His answer for the distance is 2483.3 miles. My answer is 2052.1 miles.

Here is my code for the haversine formula:

double haversine(double lat1, double lat2, double lon1, double lon2) {
    // get differences first
    double dlon = difference(lon1, lon2); // difference for longitude
    double dlat = difference(lat1, lat2); // difference for latitude
    // part a of algorithm
    double a = pow(sin(dlat/2), 2) + cos(lat1) * cos(lat2) * pow(sin(dlon/2), 2);
    // part b of algorithm
    double b = 2 * atan2(sqrt(a), sqrt(1 - a));
    // our result, or the great-circle distance between two locations
    double result = EARTH_RADIUS * b;
    return result;
}

And difference just returns y - x in this case. What seems to be going wrong in my calculations? As far as I know, my parentheses while calculating everything seem to be OK, so I'm not really sure why I'm getting a different answer.

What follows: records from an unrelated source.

lemma iid_prob_upper_tail:
  assumes X: "\<And>c. c \<in> D \<Longrightarrow> X c \<in> {0..1}" and e: "e > 0"
  shows "iid_prob m (\<lambda>\<Phi>. real m * (mean X + e) \<le> (\<Sum>c\<leftarrow>\<Phi>. X c)) \<le> exp (- 2 * real m * e\<^sup>2)"
proof -
  define l where "l = 4 * e" \<comment> \<open>minimises \<open>- l m e + m l\<^sup>2 / 8\<close>\<close>
  have l: "l > 0" using e by (simp add: l_def)
  let ?L = "{\<Phi>. set \<Phi> \<subseteq> D \<and> length \<Phi> = m}"
  have Chernoff: "of_bool (real m * (mean X + e) \<le> (\<Sum>c\<leftarrow>\<Phi>. X c)) * (\<Prod>c\<leftarrow>\<Phi>. p c)
      \<le> exp (- l * real m * e) * (\<Prod>c\<leftarrow>\<Phi>. p c * exp (l * (X c - mean X)))"
    if \<Phi>: "\<Phi> \<in> ?L" for \<Phi>
  proof -
    define T where "T = (\<Sum>c\<leftarrow>\<Phi>. X c) - real m * (mean X + e)"
    have "(\<Sum>c\<leftarrow>\<Phi>. l * (X c - mean X)) = l * T + l * real m * e"
      using \<Phi> by (simp add: T_def sum_list_const_mult sum_list_subtractf sum_list_triv algebra_simps)
    then have "(\<Prod>c\<leftarrow>\<Phi>. p c * exp (l * (X c - mean X))) = (\<Prod>c\<leftarrow>\<Phi>. p c) * exp (l * T + l * real m * e)"
      by (simp add: prod_list_mult_distrib exp_sum_list[symmetric])
    moreover have "exp (- l * real m * e) * exp (l * T + l * real m * e) = exp (l * T)"
      by (simp add: mult_exp_exp)
    ultimately have eq: "exp (- l * real m * e) * (\<Prod>c\<leftarrow>\<Phi>. p c * exp (l * (X c - mean X)))
        = exp (l * T) * (\<Prod>c\<leftarrow>\<Phi>. p c)"
      by (metis mult.commute mult.left_commute)
    have "of_bool (0 \<le> T) \<le> exp (l * T)"
      using l by (cases "0 \<le> T") auto
    then show ?thesis
      unfolding eq using prod_list_nonneg_draws[of \<Phi>] \<Phi> by (simp add: T_def mult_right_mono)
  qed
  have "iid_prob m (\<lambda>\<Phi>. real m * (mean X + e) \<le> (\<Sum>c\<leftarrow>\<Phi>. X c))
      \<le> exp (- l * real m * e) * (\<Sum>\<Phi>\<in>?L. \<Prod>c\<leftarrow>\<Phi>. p c * exp (l * (X c - mean X)))"
    unfolding iid_prob_def sum_distrib_left by (intro sum_mono Chernoff)
  also have "\<dots> = exp (- l * real m * e) * (\<Sum>c\<in>D. p c * exp (l * (X c - mean X))) ^ m"
    by (simp add: sum_prod_list_lists_of_length[OF finite_support])
  also have "\<dots> \<le> exp (- l * real m * e) * exp (l\<^sup>2 / 8) ^ m"
    using hoeffding_lemma[OF X l] nonneg
    by (intro mult_left_mono power_mono) (auto intro!: sum_nonneg)
  also have "\<dots> = exp (- 2 * real m * e\<^sup>2)"
    by (simp add: exp_of_nat_mult[symmetric] mult_exp_exp l_def power2_eq_square algebra_simps)
  finally show ?thesis .
qed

Update: Fixed the problem by converting longitude and latitude in radians. In C++ I did this by defining PI = 3.14159265 and for each trig function I used, multiplying whatever was in there * PI/180. (ie. pow(sin((dlat/2) * (PI/180)),2)

Answer 1

You need to convert your lats/longs to radians, because the trig functions in Java accept radian arguments.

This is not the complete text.